- _PROVIDED MATERIAL_
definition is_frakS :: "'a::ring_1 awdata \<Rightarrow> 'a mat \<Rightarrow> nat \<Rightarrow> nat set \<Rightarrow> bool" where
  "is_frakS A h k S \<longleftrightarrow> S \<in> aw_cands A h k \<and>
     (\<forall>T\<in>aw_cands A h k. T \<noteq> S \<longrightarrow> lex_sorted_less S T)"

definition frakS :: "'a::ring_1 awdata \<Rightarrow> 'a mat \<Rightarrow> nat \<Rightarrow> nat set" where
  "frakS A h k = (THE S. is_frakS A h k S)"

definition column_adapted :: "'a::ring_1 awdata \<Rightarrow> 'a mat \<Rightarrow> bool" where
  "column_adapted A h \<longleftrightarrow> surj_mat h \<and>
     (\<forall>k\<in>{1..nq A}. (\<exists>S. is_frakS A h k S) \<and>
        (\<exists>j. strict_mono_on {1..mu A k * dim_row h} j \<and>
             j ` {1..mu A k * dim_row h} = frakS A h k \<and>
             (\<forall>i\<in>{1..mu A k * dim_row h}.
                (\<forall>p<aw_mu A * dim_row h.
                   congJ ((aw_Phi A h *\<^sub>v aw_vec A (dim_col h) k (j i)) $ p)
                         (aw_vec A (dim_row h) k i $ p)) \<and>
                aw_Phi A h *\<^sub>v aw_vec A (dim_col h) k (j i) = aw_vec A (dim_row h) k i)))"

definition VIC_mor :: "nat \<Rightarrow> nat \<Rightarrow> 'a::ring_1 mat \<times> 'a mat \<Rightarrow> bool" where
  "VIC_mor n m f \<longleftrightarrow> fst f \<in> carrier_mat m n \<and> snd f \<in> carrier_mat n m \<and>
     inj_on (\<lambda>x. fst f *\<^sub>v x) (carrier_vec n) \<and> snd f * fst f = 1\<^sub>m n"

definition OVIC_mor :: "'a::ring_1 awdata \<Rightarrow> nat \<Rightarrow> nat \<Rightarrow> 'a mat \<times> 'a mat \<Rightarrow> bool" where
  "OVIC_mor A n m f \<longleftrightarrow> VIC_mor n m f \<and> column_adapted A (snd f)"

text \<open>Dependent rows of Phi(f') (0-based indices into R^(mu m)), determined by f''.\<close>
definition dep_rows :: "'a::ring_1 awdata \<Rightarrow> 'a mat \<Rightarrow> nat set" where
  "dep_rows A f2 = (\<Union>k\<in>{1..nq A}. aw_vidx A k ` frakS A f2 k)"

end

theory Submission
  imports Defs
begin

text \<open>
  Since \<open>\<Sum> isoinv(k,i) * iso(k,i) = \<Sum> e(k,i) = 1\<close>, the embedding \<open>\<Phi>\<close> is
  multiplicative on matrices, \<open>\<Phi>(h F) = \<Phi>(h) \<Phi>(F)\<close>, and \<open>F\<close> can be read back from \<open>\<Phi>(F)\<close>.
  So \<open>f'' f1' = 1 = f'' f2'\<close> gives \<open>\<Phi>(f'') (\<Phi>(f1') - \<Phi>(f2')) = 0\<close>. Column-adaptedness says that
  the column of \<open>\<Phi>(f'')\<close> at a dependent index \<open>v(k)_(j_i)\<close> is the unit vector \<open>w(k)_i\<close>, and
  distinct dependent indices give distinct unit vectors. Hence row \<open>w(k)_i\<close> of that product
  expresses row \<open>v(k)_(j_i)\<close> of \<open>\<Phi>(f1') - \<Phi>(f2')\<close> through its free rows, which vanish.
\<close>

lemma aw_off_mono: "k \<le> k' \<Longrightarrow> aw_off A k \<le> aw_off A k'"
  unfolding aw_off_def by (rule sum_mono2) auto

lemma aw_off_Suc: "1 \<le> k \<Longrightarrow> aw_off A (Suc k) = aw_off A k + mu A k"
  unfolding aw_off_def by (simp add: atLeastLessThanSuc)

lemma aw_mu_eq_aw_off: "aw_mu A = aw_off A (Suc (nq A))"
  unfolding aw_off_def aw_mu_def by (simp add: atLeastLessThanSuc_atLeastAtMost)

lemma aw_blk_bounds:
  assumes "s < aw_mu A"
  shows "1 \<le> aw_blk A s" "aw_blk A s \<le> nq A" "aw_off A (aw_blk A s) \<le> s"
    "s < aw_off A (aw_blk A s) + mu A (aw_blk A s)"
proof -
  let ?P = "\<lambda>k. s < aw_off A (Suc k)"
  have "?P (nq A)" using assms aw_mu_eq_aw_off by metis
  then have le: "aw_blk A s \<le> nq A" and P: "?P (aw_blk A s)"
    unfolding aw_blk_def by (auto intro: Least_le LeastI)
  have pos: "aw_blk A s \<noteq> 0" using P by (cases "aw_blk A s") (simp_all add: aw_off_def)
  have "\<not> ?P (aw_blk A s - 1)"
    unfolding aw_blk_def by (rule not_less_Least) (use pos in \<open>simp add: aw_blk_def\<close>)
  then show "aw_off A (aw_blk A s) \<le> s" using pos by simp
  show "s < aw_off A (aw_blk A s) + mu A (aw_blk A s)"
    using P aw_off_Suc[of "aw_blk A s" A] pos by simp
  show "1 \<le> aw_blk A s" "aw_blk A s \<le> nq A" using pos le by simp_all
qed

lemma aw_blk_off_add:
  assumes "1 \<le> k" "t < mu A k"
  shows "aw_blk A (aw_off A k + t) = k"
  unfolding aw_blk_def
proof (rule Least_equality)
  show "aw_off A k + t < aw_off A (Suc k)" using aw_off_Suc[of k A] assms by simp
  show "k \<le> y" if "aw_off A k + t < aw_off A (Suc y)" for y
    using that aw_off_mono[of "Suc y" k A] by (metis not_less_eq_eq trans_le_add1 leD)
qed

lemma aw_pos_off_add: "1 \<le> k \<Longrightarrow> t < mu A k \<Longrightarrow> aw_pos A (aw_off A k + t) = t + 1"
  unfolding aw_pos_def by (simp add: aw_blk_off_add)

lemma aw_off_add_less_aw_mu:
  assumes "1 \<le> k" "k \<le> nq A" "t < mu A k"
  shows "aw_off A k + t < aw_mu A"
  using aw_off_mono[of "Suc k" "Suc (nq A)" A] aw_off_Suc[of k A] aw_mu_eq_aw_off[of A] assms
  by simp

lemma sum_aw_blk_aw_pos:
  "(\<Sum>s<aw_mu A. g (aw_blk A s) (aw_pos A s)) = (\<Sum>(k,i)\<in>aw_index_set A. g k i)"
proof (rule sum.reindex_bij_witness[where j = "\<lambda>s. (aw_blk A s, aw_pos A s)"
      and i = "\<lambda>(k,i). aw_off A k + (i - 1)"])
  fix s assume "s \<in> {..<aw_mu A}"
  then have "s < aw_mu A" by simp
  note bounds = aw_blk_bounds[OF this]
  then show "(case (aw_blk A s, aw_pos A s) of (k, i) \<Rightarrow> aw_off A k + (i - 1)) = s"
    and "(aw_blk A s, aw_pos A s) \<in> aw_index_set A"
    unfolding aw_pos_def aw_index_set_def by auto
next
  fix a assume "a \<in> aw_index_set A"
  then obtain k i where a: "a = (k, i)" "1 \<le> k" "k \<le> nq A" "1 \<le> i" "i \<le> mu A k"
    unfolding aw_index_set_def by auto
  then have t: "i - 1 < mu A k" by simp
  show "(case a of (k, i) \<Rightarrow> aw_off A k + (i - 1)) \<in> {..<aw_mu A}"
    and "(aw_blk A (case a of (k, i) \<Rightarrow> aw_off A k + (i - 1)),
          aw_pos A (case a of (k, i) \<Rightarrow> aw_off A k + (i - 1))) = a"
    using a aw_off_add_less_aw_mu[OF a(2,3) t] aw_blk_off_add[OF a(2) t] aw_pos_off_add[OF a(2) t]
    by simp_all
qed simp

- _WHAT THIS TASK INVOLVES_
Every record shown above should appear again in your answer, unchanged.

- _SOLUTION FOR THIS PROBLEM_
definition is_frakS :: "'a::ring_1 awdata \<Rightarrow> 'a mat \<Rightarrow> nat \<Rightarrow> nat set \<Rightarrow> bool" where
  "is_frakS A h k S \<longleftrightarrow> S \<in> aw_cands A h k \<and>
     (\<forall>T\<in>aw_cands A h k. T \<noteq> S \<longrightarrow> lex_sorted_less S T)"

definition frakS :: "'a::ring_1 awdata \<Rightarrow> 'a mat \<Rightarrow> nat \<Rightarrow> nat set" where
  "frakS A h k = (THE S. is_frakS A h k S)"

definition column_adapted :: "'a::ring_1 awdata \<Rightarrow> 'a mat \<Rightarrow> bool" where
  "column_adapted A h \<longleftrightarrow> surj_mat h \<and>
     (\<forall>k\<in>{1..nq A}. (\<exists>S. is_frakS A h k S) \<and>
        (\<exists>j. strict_mono_on {1..mu A k * dim_row h} j \<and>
             j ` {1..mu A k * dim_row h} = frakS A h k \<and>
             (\<forall>i\<in>{1..mu A k * dim_row h}.
                (\<forall>p<aw_mu A * dim_row h.
                   congJ ((aw_Phi A h *\<^sub>v aw_vec A (dim_col h) k (j i)) $ p)
                         (aw_vec A (dim_row h) k i $ p)) \<and>
                aw_Phi A h *\<^sub>v aw_vec A (dim_col h) k (j i) = aw_vec A (dim_row h) k i)))"

definition VIC_mor :: "nat \<Rightarrow> nat \<Rightarrow> 'a::ring_1 mat \<times> 'a mat \<Rightarrow> bool" where
  "VIC_mor n m f \<longleftrightarrow> fst f \<in> carrier_mat m n \<and> snd f \<in> carrier_mat n m \<and>
     inj_on (\<lambda>x. fst f *\<^sub>v x) (carrier_vec n) \<and> snd f * fst f = 1\<^sub>m n"

definition OVIC_mor :: "'a::ring_1 awdata \<Rightarrow> nat \<Rightarrow> nat \<Rightarrow> 'a mat \<times> 'a mat \<Rightarrow> bool" where
  "OVIC_mor A n m f \<longleftrightarrow> VIC_mor n m f \<and> column_adapted A (snd f)"

text \<open>Dependent rows of Phi(f') (0-based indices into R^(mu m)), determined by f''.\<close>
definition dep_rows :: "'a::ring_1 awdata \<Rightarrow> 'a mat \<Rightarrow> nat set" where
  "dep_rows A f2 = (\<Union>k\<in>{1..nq A}. aw_vidx A k ` frakS A f2 k)"

end

theory Submission
  imports Defs
begin

text \<open>
  Since \<open>\<Sum> isoinv(k,i) * iso(k,i) = \<Sum> e(k,i) = 1\<close>, the embedding \<open>\<Phi>\<close> is
  multiplicative on matrices, \<open>\<Phi>(h F) = \<Phi>(h) \<Phi>(F)\<close>, and \<open>F\<close> can be read back from \<open>\<Phi>(F)\<close>.
  So \<open>f'' f1' = 1 = f'' f2'\<close> gives \<open>\<Phi>(f'') (\<Phi>(f1') - \<Phi>(f2')) = 0\<close>. Column-adaptedness says that
  the column of \<open>\<Phi>(f'')\<close> at a dependent index \<open>v(k)_(j_i)\<close> is the unit vector \<open>w(k)_i\<close>, and
  distinct dependent indices give distinct unit vectors. Hence row \<open>w(k)_i\<close> of that product
  expresses row \<open>v(k)_(j_i)\<close> of \<open>\<Phi>(f1') - \<Phi>(f2')\<close> through its free rows, which vanish.
\<close>

lemma aw_off_mono: "k \<le> k' \<Longrightarrow> aw_off A k \<le> aw_off A k'"
  unfolding aw_off_def by (rule sum_mono2) auto

lemma aw_off_Suc: "1 \<le> k \<Longrightarrow> aw_off A (Suc k) = aw_off A k + mu A k"
  unfolding aw_off_def by (simp add: atLeastLessThanSuc)

lemma aw_mu_eq_aw_off: "aw_mu A = aw_off A (Suc (nq A))"
  unfolding aw_off_def aw_mu_def by (simp add: atLeastLessThanSuc_atLeastAtMost)

lemma aw_blk_bounds:
  assumes "s < aw_mu A"
  shows "1 \<le> aw_blk A s" "aw_blk A s \<le> nq A" "aw_off A (aw_blk A s) \<le> s"
    "s < aw_off A (aw_blk A s) + mu A (aw_blk A s)"
proof -
  let ?P = "\<lambda>k. s < aw_off A (Suc k)"
  have "?P (nq A)" using assms aw_mu_eq_aw_off by metis
  then have le: "aw_blk A s \<le> nq A" and P: "?P (aw_blk A s)"
    unfolding aw_blk_def by (auto intro: Least_le LeastI)
  have pos: "aw_blk A s \<noteq> 0" using P by (cases "aw_blk A s") (simp_all add: aw_off_def)
  have "\<not> ?P (aw_blk A s - 1)"
    unfolding aw_blk_def by (rule not_less_Least) (use pos in \<open>simp add: aw_blk_def\<close>)
  then show "aw_off A (aw_blk A s) \<le> s" using pos by simp
  show "s < aw_off A (aw_blk A s) + mu A (aw_blk A s)"
    using P aw_off_Suc[of "aw_blk A s" A] pos by simp
  show "1 \<le> aw_blk A s" "aw_blk A s \<le> nq A" using pos le by simp_all
qed

lemma aw_blk_off_add:
  assumes "1 \<le> k" "t < mu A k"
  shows "aw_blk A (aw_off A k + t) = k"
  unfolding aw_blk_def
proof (rule Least_equality)
  show "aw_off A k + t < aw_off A (Suc k)" using aw_off_Suc[of k A] assms by simp
  show "k \<le> y" if "aw_off A k + t < aw_off A (Suc y)" for y
    using that aw_off_mono[of "Suc y" k A] by (metis not_less_eq_eq trans_le_add1 leD)
qed

lemma aw_pos_off_add: "1 \<le> k \<Longrightarrow> t < mu A k \<Longrightarrow> aw_pos A (aw_off A k + t) = t + 1"
  unfolding aw_pos_def by (simp add: aw_blk_off_add)

lemma aw_off_add_less_aw_mu:
  assumes "1 \<le> k" "k \<le> nq A" "t < mu A k"
  shows "aw_off A k + t < aw_mu A"
  using aw_off_mono[of "Suc k" "Suc (nq A)" A] aw_off_Suc[of k A] aw_mu_eq_aw_off[of A] assms
  by simp

lemma sum_aw_blk_aw_pos:
  "(\<Sum>s<aw_mu A. g (aw_blk A s) (aw_pos A s)) = (\<Sum>(k,i)\<in>aw_index_set A. g k i)"
proof (rule sum.reindex_bij_witness[where j = "\<lambda>s. (aw_blk A s, aw_pos A s)"
      and i = "\<lambda>(k,i). aw_off A k + (i - 1)"])
  fix s assume "s \<in> {..<aw_mu A}"
  then have "s < aw_mu A" by simp
  note bounds = aw_blk_bounds[OF this]
  then show "(case (aw_blk A s, aw_pos A s) of (k, i) \<Rightarrow> aw_off A k + (i - 1)) = s"
    and "(aw_blk A s, aw_pos A s) \<in> aw_index_set A"
    unfolding aw_pos_def aw_index_set_def by auto
next
  fix a assume "a \<in> aw_index_set A"
  then obtain k i where a: "a = (k, i)" "1 \<le> k" "k \<le> nq A" "1 \<le> i" "i \<le> mu A k"
    unfolding aw_index_set_def by auto
  then have t: "i - 1 < mu A k" by simp
  show "(case a of (k, i) \<Rightarrow> aw_off A k + (i - 1)) \<in> {..<aw_mu A}"
    and "(aw_blk A (case a of (k, i) \<Rightarrow> aw_off A k + (i - 1)),
          aw_pos A (case a of (k, i) \<Rightarrow> aw_off A k + (i - 1))) = a"
    using a aw_off_add_less_aw_mu[OF a(2,3) t] aw_blk_off_add[OF a(2) t] aw_pos_off_add[OF a(2) t]
    by simp_all
qed simp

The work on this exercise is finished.